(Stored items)
(* Let $\mathcal M\subset{}^d\mathcal K$ be maximal isotropic. If $n_+(\mathcal M)=0$, then $\dim\ker\Delta(\mathcal M,\underline a)\leq n_0(\mathcal M)$.
   Context: Let $\mathcal G=(V,\mathcal I,\mathcal E,\partial)$ be a finite connected graph with internal edges $\mathcal I$ (intervals $I_i=[0,a_i]$, $a_i>0$) and external edges $\mathcal E$ (half-lines $I_e=[0,\infty)$). $\mathcal H=\bigoplus_jL^2(I_j)$; $\mathcal D$ = $\psi\in\mathcal H$ with $\psi_j,\psi_j'$ absolutely continuous, $\psi_j''\in L^2$. $\mathcal K=\mathbb C^{|\mathcal E|}\oplus\mathbb C^{|\mathcal I|}\oplus\mathbb C^{|\mathcal I|}$, ${}^d\mathcal K=\mathcal K\oplus\mathcal K$. For $\psi\in\mathcal D$: $\underline\psi=(\{\psi_e(0)\},\{\psi_i(0)\},\{\psi_i(a_i)\})$, $\underline\psi'=(\{\psi_e'(0)\},\{\psi_i'(0)\},\{-\psi_i'(a_i)\})$. Maximal isotropic subspaces of ${}^d\mathcal K$ are exactly $\mathcal M(A,B)=\{\chi_1\oplus\chi_2:A\chi_1+B\chi_2=0\}$ with $A,B$ linear on $\mathcal K$, $(A,B)$ of rank $|\mathcal E|+2|\mathcal I|$ and $AB^\dagger$ self-adjoint. $\Delta(\mathcal M,\underline a)$ is the self-adjoint operator $(\Delta\psi)_j=\psi_j''$ on $\{\psi\in\mathcal D:A\underline\psi+B\underline\psi'=0\}$. $n_+(\mathcal M)$, $n_0(\mathcal M)$ are the numbers of positive, resp. zero, eigenvalues (with multiplicity) of $AB^\dagger$, independent of the choice of $(A,B)$ with $\mathcal M=\mathcal M(A,B)$. *)

theory Defs
  imports "HOL-Analysis.Analysis" "HOL-Library.Function_Algebras"
    "Jordan_Normal_Form.Spectral_Radius" "Jordan_Normal_Form.DL_Rank"
begin

text \<open>Edges of the metric graph: external edges are Inl e (e < nE), half-lines [0,inf);
  internal edges are Inr i (i < nI), intervals [0, a i].
  The auxiliary space K = C^nE + C^nI + C^nI is C^(nE + 2 nI), with coordinates
  0..nE-1 (external, at 0), nE..nE+nI-1 (internal, at 0), nE+nI..nE+2nI-1 (internal, at a i).\<close>

type_synonym edge = "nat + nat"

definition edges :: "nat \<Rightarrow> nat \<Rightarrow> edge set" where
  "edges nE nI = Inl ` {..<nE} \<union> Inr ` {..<nI}"

definition edge_interval :: "(nat \<Rightarrow> real) \<Rightarrow> edge \<Rightarrow> real set" where
  "edge_interval a j = (case j of Inl e \<Rightarrow> {0..} | Inr i \<Rightarrow> {0..a i})"

definition L2_on :: "real set \<Rightarrow> (real \<Rightarrow> complex) \<Rightarrow> bool" where
  "L2_on S f \<longleftrightarrow> set_borel_measurable lborel S f \<and>
     set_integrable lborel S (\<lambda>x. (cmod (f x))\<^sup>2)"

◆ **Action item**
Your answer must be the lines from the first line of the entries above through the line that contains "set \<Rightarrow> (real", written out exactly.

◆ **Task result**
(* Let $\mathcal M\subset{}^d\mathcal K$ be maximal isotropic. If $n_+(\mathcal M)=0$, then $\dim\ker\Delta(\mathcal M,\underline a)\leq n_0(\mathcal M)$.
   Context: Let $\mathcal G=(V,\mathcal I,\mathcal E,\partial)$ be a finite connected graph with internal edges $\mathcal I$ (intervals $I_i=[0,a_i]$, $a_i>0$) and external edges $\mathcal E$ (half-lines $I_e=[0,\infty)$). $\mathcal H=\bigoplus_jL^2(I_j)$; $\mathcal D$ = $\psi\in\mathcal H$ with $\psi_j,\psi_j'$ absolutely continuous, $\psi_j''\in L^2$. $\mathcal K=\mathbb C^{|\mathcal E|}\oplus\mathbb C^{|\mathcal I|}\oplus\mathbb C^{|\mathcal I|}$, ${}^d\mathcal K=\mathcal K\oplus\mathcal K$. For $\psi\in\mathcal D$: $\underline\psi=(\{\psi_e(0)\},\{\psi_i(0)\},\{\psi_i(a_i)\})$, $\underline\psi'=(\{\psi_e'(0)\},\{\psi_i'(0)\},\{-\psi_i'(a_i)\})$. Maximal isotropic subspaces of ${}^d\mathcal K$ are exactly $\mathcal M(A,B)=\{\chi_1\oplus\chi_2:A\chi_1+B\chi_2=0\}$ with $A,B$ linear on $\mathcal K$, $(A,B)$ of rank $|\mathcal E|+2|\mathcal I|$ and $AB^\dagger$ self-adjoint. $\Delta(\mathcal M,\underline a)$ is the self-adjoint operator $(\Delta\psi)_j=\psi_j''$ on $\{\psi\in\mathcal D:A\underline\psi+B\underline\psi'=0\}$. $n_+(\mathcal M)$, $n_0(\mathcal M)$ are the numbers of positive, resp. zero, eigenvalues (with multiplicity) of $AB^\dagger$, independent of the choice of $(A,B)$ with $\mathcal M=\mathcal M(A,B)$. *)

theory Defs
  imports "HOL-Analysis.Analysis" "HOL-Library.Function_Algebras"
    "Jordan_Normal_Form.Spectral_Radius" "Jordan_Normal_Form.DL_Rank"
begin

text \<open>Edges of the metric graph: external edges are Inl e (e < nE), half-lines [0,inf);
  internal edges are Inr i (i < nI), intervals [0, a i].
  The auxiliary space K = C^nE + C^nI + C^nI is C^(nE + 2 nI), with coordinates
  0..nE-1 (external, at 0), nE..nE+nI-1 (internal, at 0), nE+nI..nE+2nI-1 (internal, at a i).\<close>

type_synonym edge = "nat + nat"

definition edges :: "nat \<Rightarrow> nat \<Rightarrow> edge set" where
  "edges nE nI = Inl ` {..<nE} \<union> Inr ` {..<nI}"

definition edge_interval :: "(nat \<Rightarrow> real) \<Rightarrow> edge \<Rightarrow> real set" where
  "edge_interval a j = (case j of Inl e \<Rightarrow> {0..} | Inr i \<Rightarrow> {0..a i})"

definition L2_on :: "real set \<Rightarrow> (real \<Rightarrow> complex) \<Rightarrow> bool" where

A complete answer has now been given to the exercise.